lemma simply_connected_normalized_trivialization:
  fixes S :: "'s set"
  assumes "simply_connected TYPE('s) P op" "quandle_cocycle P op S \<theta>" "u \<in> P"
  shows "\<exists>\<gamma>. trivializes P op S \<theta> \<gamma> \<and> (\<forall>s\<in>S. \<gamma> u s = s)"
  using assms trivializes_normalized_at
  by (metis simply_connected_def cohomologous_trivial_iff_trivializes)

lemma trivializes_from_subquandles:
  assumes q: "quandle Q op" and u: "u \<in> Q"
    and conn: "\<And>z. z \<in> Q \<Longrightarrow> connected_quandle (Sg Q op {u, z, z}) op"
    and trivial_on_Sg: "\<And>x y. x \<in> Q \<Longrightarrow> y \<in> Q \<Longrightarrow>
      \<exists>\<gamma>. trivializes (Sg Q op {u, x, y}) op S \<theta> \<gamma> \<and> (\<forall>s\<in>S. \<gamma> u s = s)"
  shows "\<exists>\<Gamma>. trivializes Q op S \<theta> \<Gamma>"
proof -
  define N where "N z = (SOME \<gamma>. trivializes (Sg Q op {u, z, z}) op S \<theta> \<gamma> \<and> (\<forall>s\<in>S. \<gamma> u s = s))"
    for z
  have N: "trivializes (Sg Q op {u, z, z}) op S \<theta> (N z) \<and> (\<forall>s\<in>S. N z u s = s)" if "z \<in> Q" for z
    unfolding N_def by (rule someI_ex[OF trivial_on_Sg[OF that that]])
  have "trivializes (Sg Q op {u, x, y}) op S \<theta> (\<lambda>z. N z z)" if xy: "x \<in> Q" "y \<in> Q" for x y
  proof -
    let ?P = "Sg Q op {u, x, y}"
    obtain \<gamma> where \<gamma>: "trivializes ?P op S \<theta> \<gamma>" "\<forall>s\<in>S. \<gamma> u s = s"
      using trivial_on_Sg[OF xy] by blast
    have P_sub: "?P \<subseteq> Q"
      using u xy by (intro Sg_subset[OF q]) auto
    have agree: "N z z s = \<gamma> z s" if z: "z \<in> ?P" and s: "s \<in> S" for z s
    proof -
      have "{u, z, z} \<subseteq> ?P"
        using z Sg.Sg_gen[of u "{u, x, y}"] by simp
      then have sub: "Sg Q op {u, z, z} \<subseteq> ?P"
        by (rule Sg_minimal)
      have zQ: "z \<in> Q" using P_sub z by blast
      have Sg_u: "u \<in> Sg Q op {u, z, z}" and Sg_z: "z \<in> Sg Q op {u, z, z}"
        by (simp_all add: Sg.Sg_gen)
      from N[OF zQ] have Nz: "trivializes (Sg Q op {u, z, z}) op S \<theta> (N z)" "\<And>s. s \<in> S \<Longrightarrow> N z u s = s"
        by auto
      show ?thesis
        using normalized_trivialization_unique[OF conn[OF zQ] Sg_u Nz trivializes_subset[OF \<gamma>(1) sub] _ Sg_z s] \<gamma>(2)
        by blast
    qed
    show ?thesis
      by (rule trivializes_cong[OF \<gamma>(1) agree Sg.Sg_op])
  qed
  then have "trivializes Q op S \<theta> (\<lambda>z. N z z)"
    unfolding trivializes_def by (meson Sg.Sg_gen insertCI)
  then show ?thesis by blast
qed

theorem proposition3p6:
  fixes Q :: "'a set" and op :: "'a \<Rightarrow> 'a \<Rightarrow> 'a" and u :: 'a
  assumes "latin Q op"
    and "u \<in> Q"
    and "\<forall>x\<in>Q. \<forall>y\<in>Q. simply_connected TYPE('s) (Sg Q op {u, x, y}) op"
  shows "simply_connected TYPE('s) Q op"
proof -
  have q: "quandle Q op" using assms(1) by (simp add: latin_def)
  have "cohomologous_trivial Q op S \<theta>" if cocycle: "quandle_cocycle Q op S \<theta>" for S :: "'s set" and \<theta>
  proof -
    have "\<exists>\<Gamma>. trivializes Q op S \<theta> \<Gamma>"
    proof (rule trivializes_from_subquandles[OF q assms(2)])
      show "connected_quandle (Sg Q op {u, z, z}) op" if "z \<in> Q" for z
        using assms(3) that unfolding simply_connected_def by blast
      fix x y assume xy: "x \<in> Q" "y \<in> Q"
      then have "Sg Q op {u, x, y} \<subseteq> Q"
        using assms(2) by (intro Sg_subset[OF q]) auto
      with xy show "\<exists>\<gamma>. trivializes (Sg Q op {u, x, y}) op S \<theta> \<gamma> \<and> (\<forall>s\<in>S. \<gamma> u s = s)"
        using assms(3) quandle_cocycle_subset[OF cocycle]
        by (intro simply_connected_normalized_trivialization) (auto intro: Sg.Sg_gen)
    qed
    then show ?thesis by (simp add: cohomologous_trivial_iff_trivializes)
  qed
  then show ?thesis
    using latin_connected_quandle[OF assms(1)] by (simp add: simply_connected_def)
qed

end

...

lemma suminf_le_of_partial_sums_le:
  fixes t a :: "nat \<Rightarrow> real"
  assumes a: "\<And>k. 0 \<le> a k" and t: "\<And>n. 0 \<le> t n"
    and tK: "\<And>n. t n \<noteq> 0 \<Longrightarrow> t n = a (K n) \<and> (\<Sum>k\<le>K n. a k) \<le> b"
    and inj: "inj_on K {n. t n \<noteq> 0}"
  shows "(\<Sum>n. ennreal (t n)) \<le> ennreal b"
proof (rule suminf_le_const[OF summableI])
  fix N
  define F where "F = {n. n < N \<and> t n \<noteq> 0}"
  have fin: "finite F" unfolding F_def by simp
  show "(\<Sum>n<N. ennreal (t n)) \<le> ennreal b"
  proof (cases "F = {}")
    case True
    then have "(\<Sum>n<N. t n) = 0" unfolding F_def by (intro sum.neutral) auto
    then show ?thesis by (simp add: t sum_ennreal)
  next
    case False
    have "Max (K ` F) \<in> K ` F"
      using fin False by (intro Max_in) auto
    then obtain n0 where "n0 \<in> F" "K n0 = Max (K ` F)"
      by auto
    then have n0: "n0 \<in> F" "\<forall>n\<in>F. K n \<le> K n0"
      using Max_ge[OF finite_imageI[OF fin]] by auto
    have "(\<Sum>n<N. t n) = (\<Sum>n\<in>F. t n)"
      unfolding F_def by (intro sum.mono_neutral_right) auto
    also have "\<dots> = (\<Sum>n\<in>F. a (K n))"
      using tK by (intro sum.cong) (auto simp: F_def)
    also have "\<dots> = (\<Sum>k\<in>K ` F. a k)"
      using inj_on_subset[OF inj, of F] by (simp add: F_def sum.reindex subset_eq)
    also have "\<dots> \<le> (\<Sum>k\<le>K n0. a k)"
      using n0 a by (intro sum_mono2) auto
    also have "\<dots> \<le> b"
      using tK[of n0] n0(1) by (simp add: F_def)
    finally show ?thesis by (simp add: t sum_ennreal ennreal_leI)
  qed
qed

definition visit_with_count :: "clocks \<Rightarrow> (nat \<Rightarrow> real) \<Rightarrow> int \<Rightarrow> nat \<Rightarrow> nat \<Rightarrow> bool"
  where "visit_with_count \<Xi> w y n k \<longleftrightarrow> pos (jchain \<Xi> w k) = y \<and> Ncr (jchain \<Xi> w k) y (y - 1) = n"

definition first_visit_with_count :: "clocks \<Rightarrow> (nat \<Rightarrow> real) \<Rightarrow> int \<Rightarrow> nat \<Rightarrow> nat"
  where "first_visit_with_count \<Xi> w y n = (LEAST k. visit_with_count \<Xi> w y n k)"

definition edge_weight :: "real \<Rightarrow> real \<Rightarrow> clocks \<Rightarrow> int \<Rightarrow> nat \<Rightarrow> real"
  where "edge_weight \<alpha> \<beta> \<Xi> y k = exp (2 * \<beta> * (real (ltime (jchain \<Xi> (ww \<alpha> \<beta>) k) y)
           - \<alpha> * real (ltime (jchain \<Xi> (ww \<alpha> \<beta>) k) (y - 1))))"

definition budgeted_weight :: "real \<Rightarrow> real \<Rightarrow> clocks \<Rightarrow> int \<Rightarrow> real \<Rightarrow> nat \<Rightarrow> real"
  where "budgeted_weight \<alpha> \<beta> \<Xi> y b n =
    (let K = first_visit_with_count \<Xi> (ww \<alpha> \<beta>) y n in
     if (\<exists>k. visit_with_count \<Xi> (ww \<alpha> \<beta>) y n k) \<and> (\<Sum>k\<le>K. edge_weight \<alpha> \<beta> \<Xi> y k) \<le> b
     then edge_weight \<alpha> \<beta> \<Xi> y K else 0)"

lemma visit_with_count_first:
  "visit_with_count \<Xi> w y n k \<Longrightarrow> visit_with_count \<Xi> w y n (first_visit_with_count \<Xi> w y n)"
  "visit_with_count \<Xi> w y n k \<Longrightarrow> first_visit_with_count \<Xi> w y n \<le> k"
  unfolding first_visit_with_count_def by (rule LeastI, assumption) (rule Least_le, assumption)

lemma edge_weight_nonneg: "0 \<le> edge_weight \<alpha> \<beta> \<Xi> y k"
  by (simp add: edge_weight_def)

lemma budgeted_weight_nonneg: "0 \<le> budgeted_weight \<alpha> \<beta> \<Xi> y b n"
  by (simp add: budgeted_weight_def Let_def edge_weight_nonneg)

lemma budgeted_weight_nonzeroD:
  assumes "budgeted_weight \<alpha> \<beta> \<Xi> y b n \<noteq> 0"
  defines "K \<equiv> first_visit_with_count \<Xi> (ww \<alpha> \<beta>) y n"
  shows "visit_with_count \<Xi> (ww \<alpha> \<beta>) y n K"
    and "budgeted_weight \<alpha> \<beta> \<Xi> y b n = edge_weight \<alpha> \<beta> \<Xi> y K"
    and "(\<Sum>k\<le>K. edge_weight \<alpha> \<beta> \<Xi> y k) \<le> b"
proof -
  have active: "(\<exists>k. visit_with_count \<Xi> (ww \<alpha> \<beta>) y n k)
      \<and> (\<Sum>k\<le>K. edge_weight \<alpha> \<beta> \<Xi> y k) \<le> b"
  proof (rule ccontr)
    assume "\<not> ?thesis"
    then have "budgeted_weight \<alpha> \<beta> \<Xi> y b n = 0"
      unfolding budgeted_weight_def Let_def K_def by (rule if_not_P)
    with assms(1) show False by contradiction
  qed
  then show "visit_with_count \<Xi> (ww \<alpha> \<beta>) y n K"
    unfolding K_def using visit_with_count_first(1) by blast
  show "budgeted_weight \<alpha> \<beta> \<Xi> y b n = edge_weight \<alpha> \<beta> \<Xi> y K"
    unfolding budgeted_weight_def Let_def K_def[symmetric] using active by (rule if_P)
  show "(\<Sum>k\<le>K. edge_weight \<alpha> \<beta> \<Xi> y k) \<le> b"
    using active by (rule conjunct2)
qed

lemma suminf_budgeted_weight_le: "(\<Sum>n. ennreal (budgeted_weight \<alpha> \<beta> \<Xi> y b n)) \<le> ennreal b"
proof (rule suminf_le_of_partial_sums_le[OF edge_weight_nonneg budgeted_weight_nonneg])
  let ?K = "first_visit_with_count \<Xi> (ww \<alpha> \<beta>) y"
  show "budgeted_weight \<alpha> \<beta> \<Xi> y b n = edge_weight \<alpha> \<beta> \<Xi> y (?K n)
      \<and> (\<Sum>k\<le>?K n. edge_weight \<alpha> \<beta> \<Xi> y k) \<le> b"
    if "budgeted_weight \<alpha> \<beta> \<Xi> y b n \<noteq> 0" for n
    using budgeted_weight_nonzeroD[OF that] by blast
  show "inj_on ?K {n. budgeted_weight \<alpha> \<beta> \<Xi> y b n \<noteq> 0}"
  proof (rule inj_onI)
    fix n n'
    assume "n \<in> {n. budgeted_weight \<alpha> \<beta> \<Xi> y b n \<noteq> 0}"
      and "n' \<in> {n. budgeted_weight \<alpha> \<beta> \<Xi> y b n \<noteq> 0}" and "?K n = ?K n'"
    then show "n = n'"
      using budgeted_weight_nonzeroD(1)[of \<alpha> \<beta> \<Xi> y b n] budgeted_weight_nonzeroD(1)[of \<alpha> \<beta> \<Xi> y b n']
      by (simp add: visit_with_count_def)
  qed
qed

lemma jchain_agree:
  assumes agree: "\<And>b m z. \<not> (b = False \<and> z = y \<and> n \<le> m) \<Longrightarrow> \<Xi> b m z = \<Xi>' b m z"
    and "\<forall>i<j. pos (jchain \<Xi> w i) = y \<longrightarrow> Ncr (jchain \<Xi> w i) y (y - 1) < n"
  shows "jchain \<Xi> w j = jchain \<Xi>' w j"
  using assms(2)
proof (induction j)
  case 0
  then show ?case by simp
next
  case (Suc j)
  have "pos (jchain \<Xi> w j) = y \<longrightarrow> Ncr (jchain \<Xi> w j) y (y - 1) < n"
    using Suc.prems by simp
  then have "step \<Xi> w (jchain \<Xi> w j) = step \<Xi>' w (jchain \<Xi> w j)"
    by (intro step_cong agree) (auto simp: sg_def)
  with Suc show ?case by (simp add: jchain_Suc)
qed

#### EXERCISE PROMPT:
Look back at the entries above. Retype the line with "Q op S \<theta> (\<lambda>z.", the line with "simply_connected TYPE('s) (Sg", and all lines in between.

#### RESULT OF THIS EXERCISE:
  then have "trivializes Q op S \<theta> (\<lambda>z. N z z)"
    unfolding trivializes_def by (meson Sg.Sg_gen insertCI)
  then show ?thesis by blast
qed

theorem proposition3p6:
  fixes Q :: "'a set" and op :: "'a \<Rightarrow> 'a \<Rightarrow> 'a" and u :: 'a
  assumes "latin Q op"
    and "u \<in> Q"
    and "\<forall>x\<in>Q. \<forall>y\<in>Q. simply_connected TYPE('s) (Sg Q op {u, x, y}) op"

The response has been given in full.